Management for Profitable Analytics – Part 1

thumb_project_schedule_wpclipart_600x435In this blog tutorial series, you will learn about the management of successful business intelligence and analytics projects. Topics include:

  • Defining Scope and Objectives
  • Finding the Right Sponsor
  • Producing the Project Roadmap and Plans
  • Organizing the Team
  • Executing the Plan
  • Finishing the Project
  • Avoiding Major Data Warehouse Mistakes.

Defining Scope and Objectives

Scope specifies the boundaries of the project. It tells what is in and what is out. The scope definition started in the business case will be expanded, if needed, when the project is underway. This effort includes:

  • Overview of the project (Mission, Scope, Goals, Objectives, Benefits)
  • Scope plan
  • Scope definition
  • Alternative development.

Defining the correct scope and setting realistic objectives are critical to any project’s success, and a data warehouse project is no exception. Scope defines project boundaries including:

  • Business requirements addressed
  • Anticipated/planned users
  • Subject Areas such as inventory transactions or customer service interactions
  • Project success criteria, including quantified planned benefits.
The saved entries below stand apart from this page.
(* Let $\mathcal{W}$ be a finite full binary forest. Then every node $x$ of $\mathcal{W}$ is deleted in the pruning procedure during the $r(x)$-th iteration.
   Context: A full binary forest is a finite rooted forest in which every node has $0$ or $2$ children. An ascending path is a sequence of nodes $(x_1,\dots,x_L)$ with $x_{k+1}$ the parent of $x_k$. In a rooted forest (not necessarily full) in which every node has at most 2 children, an only-child-path is an ascending path starting at a leaf and ending at the first encountered node that has a sibling, or at a root (it has length $1$ if the starting leaf has a sibling). Pruning procedure: $\mathcal{W}_{(0)}=\mathcal{W}$; in iteration $i\ge1$, $\mathcal{W}_{(i)}$ is obtained from $\mathcal{W}_{(i-1)}$ by deleting all nodes of all only-child-paths of $\mathcal{W}_{(i-1)}$; stop when the forest is empty. The function $r$ on nodes of $\mathcal{W}$: $r(x)=1$ if $x$ is a leaf; if $x$ has children $y_1,y_2$, $r(x)=r(y_1)+1$ when $r(y_1)=r(y_2)$, and $r(x)=\max\{r(y_1),r(y_2)\}$ otherwise. *)

theory Defs
  imports Main
begin

text \<open>A rooted forest is given by a finite node set V and a partial parent
function par (par x = None: x is a root). Subforests obtained by deleting
nodes are represented by a subset S of V with the induced parent relation.\<close>

definition forest :: "'a set \<Rightarrow> ('a \<Rightarrow> 'a option) \<Rightarrow> bool" where
  "forest V par \<longleftrightarrow> finite V \<and> (\<forall>x\<in>V. \<forall>y. par x = Some y \<longrightarrow> y \<in> V)
     \<and> wf {(x, y). x \<in> V \<and> par x = Some y}"

definition spar :: "('a \<Rightarrow> 'a option) \<Rightarrow> 'a set \<Rightarrow> 'a \<Rightarrow> 'a option" where
  "spar par S x = (case par x of None \<Rightarrow> None | Some y \<Rightarrow> if y \<in> S then Some y else None)"

definition children :: "('a \<Rightarrow> 'a option) \<Rightarrow> 'a set \<Rightarrow> 'a \<Rightarrow> 'a set" where
  "children par S x = {y \<in> S. spar par S y = Some x}"

definition is_leaf :: "('a \<Rightarrow> 'a option) \<Rightarrow> 'a set \<Rightarrow> 'a \<Rightarrow> bool" where
  "is_leaf par S x \<longleftrightarrow> x \<in> S \<and> children par S x = {}"

definition has_sibling :: "('a \<Rightarrow> 'a option) \<Rightarrow> 'a set \<Rightarrow> 'a \<Rightarrow> bool" where
  "has_sibling par S x \<longleftrightarrow> (\<exists>y\<in>S. y \<noteq> x \<and> spar par S x \<noteq> None \<and> spar par S y = spar par S x)"

definition full_binary_forest :: "'a set \<Rightarrow> ('a \<Rightarrow> 'a option) \<Rightarrow> bool" where
  "full_binary_forest V par \<longleftrightarrow> forest V par \<and> (\<forall>x\<in>V. card (children par V x) \<in> {0, 2})"

text \<open>x lies on some only-child-path of the subforest S: the ascending path starts
at a leaf and continues from a node to its parent as long as the node has no
sibling (and is not a root).\<close>
inductive on_ocp :: "('a \<Rightarrow> 'a option) \<Rightarrow> 'a set \<Rightarrow> 'a \<Rightarrow> bool"
  for par S where
  start: "is_leaf par S x \<Longrightarrow> on_ocp par S x"
| step: "on_ocp par S y \<Longrightarrow> \<not> has_sibling par S y \<Longrightarrow> spar par S y = Some x \<Longrightarrow> on_ocp par S x"

definition prune_step :: "('a \<Rightarrow> 'a option) \<Rightarrow> 'a set \<Rightarrow> 'a set" where
  "prune_step par S = S - {x. on_ocp par S x}"

definition pruned :: "'a set \<Rightarrow> ('a \<Rightarrow> 'a option) \<Rightarrow> nat \<Rightarrow> 'a set" where
  "pruned V par i = (prune_step par ^^ i) V"

inductive r_rel :: "'a set \<Rightarrow> ('a \<Rightarrow> 'a option) \<Rightarrow> 'a \<Rightarrow> nat \<Rightarrow> bool"
  for V par where
  leaf: "is_leaf par V x \<Longrightarrow> r_rel V par x 1"
| node: "x \<in> V \<Longrightarrow> children par V x = {y1, y2} \<Longrightarrow> y1 \<noteq> y2 \<Longrightarrow>
         r_rel V par y1 k1 \<Longrightarrow> r_rel V par y2 k2 \<Longrightarrow>
         r_rel V par x (if k1 = k2 then k1 + 1 else max k1 k2)"

definition r :: "'a set \<Rightarrow> ('a \<Rightarrow> 'a option) \<Rightarrow> 'a \<Rightarrow> nat" where
  "r V par x = (THE k. r_rel V par x k)"

end

theory Submission
  imports Defs
begin

text \<open>Let \<open>S\<^sub>i\<close> be the set of nodes with \<open>r x > i\<close>; we show \<open>\<W>\<^sub>(\<^sub>i\<^sub>) = S\<^sub>i\<close> by induction
on \<open>i\<close>. A node of \<open>S\<^sub>i\<close> with rank \<open>i + 1\<close> either has both children of rank \<open>\<le> i\<close>,
and is then a leaf of \<open>S\<^sub>i\<close>, or has exactly one child of the same rank, whose
sibling has smaller rank and so is absent from \<open>S\<^sub>i\<close>. Hence the nodes of rank
\<open>i + 1\<close> are exactly those lying on only-child-paths of \<open>S\<^sub>i\<close>, and one pruning
step turns \<open>S\<^sub>i\<close> into \<open>S\<^sub>i\<^sub>+\<^sub>1\<close>.\<close>

lemma children_subset: "children par S x \<subseteq> S"
  unfolding children_def by auto

lemma mem_children_iff: "y \<in> children par V x \<longleftrightarrow> y \<in> V \<and> x \<in> V \<and> par y = Some x"
  unfolding children_def spar_def by (auto split: option.splits if_splits)

lemma children_restrict: "S \<subseteq> V \<Longrightarrow> x \<in> S \<Longrightarrow> children par S x = children par V x \<inter> S"
  unfolding children_def spar_def by (auto split: option.splits)

lemma spar_SomeD: "spar par S y = Some x \<Longrightarrow> par y = Some x \<and> x \<in> S"
  unfolding spar_def by (auto split: option.splits if_splits)

lemma has_sibling_iff:
  assumes "spar par S y = Some x"
  shows "has_sibling par S y \<longleftrightarrow> (\<exists>z\<in>children par S x. z \<noteq> y)"
  using assms unfolding has_sibling_def children_def by auto

lemma on_ocp_mem: "on_ocp par S y \<Longrightarrow> y \<in> S"
  by (induction rule: on_ocp.induct) (auto simp: is_leaf_def dest: spar_SomeD)

lemma forest_wf: "forest V par \<Longrightarrow> wf {(x, y). x \<in> V \<and> par x = Some y}"
  unfolding forest_def by auto

lemma full_binary_children_cases:
  assumes "full_binary_forest V par" "x \<in> V"
  obtains "children par V x = {}"
    | y1 y2 where "y1 \<noteq> y2" "children par V x = {y1, y2}"
proof -
  have "finite (children par V x)"
    using assms children_subset[of par V x] unfolding full_binary_forest_def forest_def
    by (meson finite_subset)
  moreover have "card (children par V x) \<in> {0, 2}"
    using assms unfolding full_binary_forest_def by auto
  ultimately show ?thesis using that by (auto simp: card_2_iff)
qed

lemma r_rel_exists:
  assumes fb: "full_binary_forest V par" and "x \<in> V"
  shows "\<exists>k. r_rel V par x k"
proof -
  have "wf {(x, y). x \<in> V \<and> par x = Some y}"
    using fb by (simp add: full_binary_forest_def forest_wf)
  then show ?thesis
    using \<open>x \<in> V\<close>
  proof (induction x rule: wf_induct_rule)
    case (less x)
    from fb \<open>x \<in> V\<close> show ?case
    proof (cases rule: full_binary_children_cases)
      case 1
      then show ?thesis using \<open>x \<in> V\<close> by (metis r_rel.leaf is_leaf_def)
    next
      case (2 y1 y2)
      then have "y1 \<in> V" "y2 \<in> V" "par y1 = Some x" "par y2 = Some x"
        by (auto simp: mem_children_iff dest: equalityD2)
      with less.IH obtain k1 k2 where "r_rel V par y1 k1" "r_rel V par y2 k2" by blast
      then show ?thesis using r_rel.node[OF \<open>x \<in> V\<close> 2(2,1)] by blast
    qed
  qed
qed

lemma r_rel_unique: "r_rel V par x k \<Longrightarrow> r_rel V par x k' \<Longrightarrow> k' = k"
proof (induction arbitrary: k' rule: r_rel.induct)
  case (leaf x)
  from leaf.prems show ?case
    by cases (use leaf.hyps in \<open>auto simp: is_leaf_def\<close>)
next
  case (node x y1 y2 k1 k2)
  from node.prems show ?case
  proof cases
    case leaf
    then show ?thesis using node.hyps(2) by (simp add: is_leaf_def)
  next
    case (node z1 z2 m1 m2)
    then have "{z1, z2} = {y1, y2}" using \<open>children par V x = {y1, y2}\<close> by simp
    then have "z1 = y1 \<and> z2 = y2 \<or> z1 = y2 \<and> z2 = y1" by (metis doubleton_eq_iff)
    then show ?thesis
      using node \<open>r_rel V par z1 m1\<close> \<open>r_rel V par z2 m2\<close> "node.IH"
      by (auto simp: max.commute)
  qed
qed

lemma r_eqI: "r_rel V par x k \<Longrightarrow> r V par x = k"
  unfolding r_def by (rule the_equality) (auto intro: r_rel_unique)

lemma r_rel_r: "full_binary_forest V par \<Longrightarrow> x \<in> V \<Longrightarrow> r_rel V par x (r V par x)"
  using r_rel_exists r_eqI by metis

lemma r_rel_pos: "r_rel V par x k \<Longrightarrow> k \<ge> 1"
  by (induction rule: r_rel.induct) auto

lemma r_pos: "full_binary_forest V par \<Longrightarrow> x \<in> V \<Longrightarrow> r V par x \<ge> 1"
  by (rule r_rel_pos[OF r_rel_r])

lemma r_leaf: "x \<in> V \<Longrightarrow> children par V x = {} \<Longrightarrow> r V par x = 1"
  by (rule r_eqI, rule r_rel.leaf) (simp add: is_leaf_def)

lemma r_node:
  assumes fb: "full_binary_forest V par"
    and "x \<in> V" "children par V x = {y1, y2}" "y1 \<noteq> y2"
  shows "r V par x =
    (if r V par y1 = r V par y2 then r V par y1 + 1 else max (r V par y1) (r V par y2))"
proof -
  have "y1 \<in> V" "y2 \<in> V" using assms(3) children_subset[of par V x] by auto
  then show ?thesis
    by (intro r_eqI r_rel.node[OF assms(2-4)] r_rel_r[OF fb])
qed

lemma children_rank_cases:
  assumes fb: "full_binary_forest V par" and "x \<in> V"
  obtains "\<forall>y\<in>children par V x. r V par y < r V par x"
    | y where "y \<in> children par V x" "r V par y = r V par x"
        "\<forall>z\<in>children par V x. z \<noteq> y \<longrightarrow> r V par z < r V par x"
  using fb \<open>x \<in> V\<close>
proof (cases rule: full_binary_children_cases)
  case 1
  then show ?thesis using that(1) by simp
next
  case (2 y1 y2)
  note rx = r_node[OF fb \<open>x \<in> V\<close> 2(2,1)]
  consider "r V par y1 = r V par y2" | "r V par y2 < r V par y1" | "r V par y1 < r V par y2"
    by linarith
  then show ?thesis
  proof cases
    case 1
    then show ?thesis using that(1) rx 2 by auto
  next
    case 2
    then show ?thesis using that(2)[of y1] rx \<open>children par V x = {y1, y2}\<close> by auto
  next
    case 3
    then show ?thesis using that(2)[of y2] rx \<open>children par V x = {y1, y2}\<close> by auto
  qed
qed

lemma r_le_Suc_if_children_le:
  assumes fb: "full_binary_forest V par" and "x \<in> V"
    and le: "\<forall>y\<in>children par V x. r V par y \<le> k"
  shows "r V par x \<le> Suc k"
  using fb \<open>x \<in> V\<close>
proof (cases rule: full_binary_children_cases)
  case 1
  then show ?thesis using r_leaf[OF \<open>x \<in> V\<close>] by simp
next
  case (2 y1 y2)
  then show ?thesis using r_node[OF fb \<open>x \<in> V\<close> 2(2,1)] le by auto
qed

lemma r_eq_if_child_dominates:
  assumes fb: "full_binary_forest V par" and "x \<in> V" and "y \<in> children par V x"
    and less: "\<forall>z\<in>children par V x. z \<noteq> y \<longrightarrow> r V par z < r V par y"
  shows "r V par x = r V par y"
  using fb \<open>x \<in> V\<close>
proof (cases rule: full_binary_children_cases)
  case 1
  then show ?thesis using \<open>y \<in> children par V x\<close> by simp
next
  case (2 y1 y2)
  then have "y = y1 \<and> r V par y2 < r V par y1 \<or> y = y2 \<and> r V par y1 < r V par y2"
    using \<open>y \<in> children par V x\<close> less by auto
  then show ?thesis using r_node[OF fb \<open>x \<in> V\<close> 2(2,1)] by auto
qed

lemma on_ocp_rank_above_imp_rank:
  assumes fb: "full_binary_forest V par"
    and "on_ocp par {x\<in>V. i < r V par x} x"
  shows "x \<in> V \<and> r V par x = Suc i"
  using assms(2)
proof (induction rule: on_ocp.induct)
  let ?S = "{x\<in>V. i < r V par x}"
  case (start x)
  then have "x \<in> V" "i < r V par x" and "children par V x \<inter> ?S = {}"
    by (auto simp: is_leaf_def children_restrict[of ?S V x])
  then have "\<forall>y\<in>children par V x. r V par y \<le> i"
    using children_subset[of par V x] by fastforce
  then show ?case
    using r_le_Suc_if_children_le[OF fb \<open>x \<in> V\<close>] \<open>x \<in> V\<close> \<open>i < r V par x\<close> by fastforce
next
  let ?S = "{x\<in>V. i < r V par x}"
  case (step y x)
  then have "par y = Some x" "x \<in> ?S" "y \<in> ?S" "y \<in> V" "r V par y = Suc i"
    by (auto dest: spar_SomeD on_ocp_mem)
  then have "y \<in> children par V x" by (simp add: mem_children_iff)
  have "\<forall>z\<in>children par V x. z \<noteq> y \<longrightarrow> z \<notin> ?S"
    using step(2) has_sibling_iff[OF step(3)] children_restrict[of ?S V x] \<open>x \<in> ?S\<close> by auto
  then have "\<forall>z\<in>children par V x. z \<noteq> y \<longrightarrow> r V par z < r V par y"
    using children_subset[of par V x] \<open>r V par y = Suc i\<close> by fastforce
  then show ?case
    using r_eq_if_child_dominates[OF fb _ \<open>y \<in> children par V x\<close>] \<open>x \<in> ?S\<close> \<open>r V par y = Suc i\<close>
    by simp
qed

lemma rank_imp_on_ocp_rank_above:
  assumes fb: "full_binary_forest V par" and "x \<in> V" "r V par x = Suc i"
  shows "on_ocp par {x\<in>V. i < r V par x} x"
proof -
  let ?S = "{x\<in>V. i < r V par x}"
  have "wf {(x, y). x \<in> V \<and> par x = Some y}"
    using fb by (simp add: full_binary_forest_def forest_wf)
  then show ?thesis
    using assms(2,3)
  proof (induction x rule: wf_induct_rule)
    case (less x)
    then have "x \<in> ?S" by simp
    from fb \<open>x \<in> V\<close> show ?case
    proof (cases rule: children_rank_cases)
      case 1
      then have "children par ?S x = {}"
        using children_restrict[of ?S V x] \<open>x \<in> ?S\<close> less.prems(2) by fastforce
      then show ?thesis using \<open>x \<in> ?S\<close> by (simp add: on_ocp.start is_leaf_def)
    next
      case (2 y)
      then have "y \<in> V" "par y = Some x" by (auto simp: mem_children_iff)
      then have "on_ocp par ?S y" using less 2(2) by auto
      moreover have sp: "spar par ?S y = Some x"
        using \<open>par y = Some x\<close> \<open>x \<in> ?S\<close> by (simp add: spar_def)
      moreover have "\<not> has_sibling par ?S y"
        using has_sibling_iff[OF sp] children_restrict[of ?S V x] \<open>x \<in> ?S\<close>
          2(3) less.prems(2) by auto
      ultimately show ?thesis by (blast intro: on_ocp.step)
    qed
  qed
qed

lemma prune_step_rank_above:
  assumes fb: "full_binary_forest V par"
  shows "prune_step par {x\<in>V. i < r V par x} = {x\<in>V. Suc i < r V par x}"
proof -
  have "{x. on_ocp par {x\<in>V. i < r V par x} x} = {x\<in>V. r V par x = Suc i}"
    using on_ocp_rank_above_imp_rank[OF fb] rank_imp_on_ocp_rank_above[OF fb] by blast
  then have "prune_step par {x\<in>V. i < r V par x}
      = {x\<in>V. i < r V par x} - {x\<in>V. r V par x = Suc i}"
    unfolding prune_step_def by (rule arg_cong)
  also have "\<dots> = {x\<in>V. Suc i < r V par x}"
    by auto
  finally show ?thesis .
qed

lemma pruned_eq_rank_above:
  assumes "full_binary_forest V par"
  shows "pruned V par i = {x\<in>V. i < r V par x}"
proof (induction i)
  case 0
  then show ?case using r_pos[OF assms] by (force simp: pruned_def)
next
  case (Suc i)
  have "pruned V par (Suc i) = prune_step par (pruned V par i)"
    by (simp add: pruned_def)
  then show ?case using Suc.IH prune_step_rank_above[OF assms] by simp
qed

theorem lemma10:
  fixes V :: "'a set" and par :: "'a \<Rightarrow> 'a option" and x :: 'a
  assumes "full_binary_forest V par" and "x \<in> V"
  shows "x \<in> pruned V par (r V par x - 1) \<and> x \<notin> pruned V par (r V par x)"
  using pruned_eq_rank_above[OF assms(1)] r_pos[OF assms] assms(2) by auto

end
Defining an overly large project scope and letting scope grow in an uncontrolled fashion (scope creep) are certain to cause project failure. Remember you cannot please everyone:

I cannot give you a formula for success,

but I can give you a formula for failure: try to please everybody.

Herbert Bayard Swope

Enterprise vs. Departmental Focus

The choice of Enterprise Data Warehouse vs. Departmental Data Mart is critical to the success of data warehousing projects. This choice is a major component of project scope. Examples of factors that arise with each focus, based on my experience, are shown in Table 1.

Table 1: Enterprise vs. Departmental Focus

Factor Enterprise Focus Department / Functional Focus
Organizational Scope Enterprise Wide Business Unit or Business Process Focused
Time to Build Multi-year phased effort Single Year effort
Sponsorship Required Executive Sponsor Management Sponsor
Complexity High Medium
Typical Cost Often a multimillion dollar effort Often less than $1 million effort

The project may require both an Enterprise Data Warehouse and one or more Data Marts. The future Technical Architecture blog article will explain more about this choice.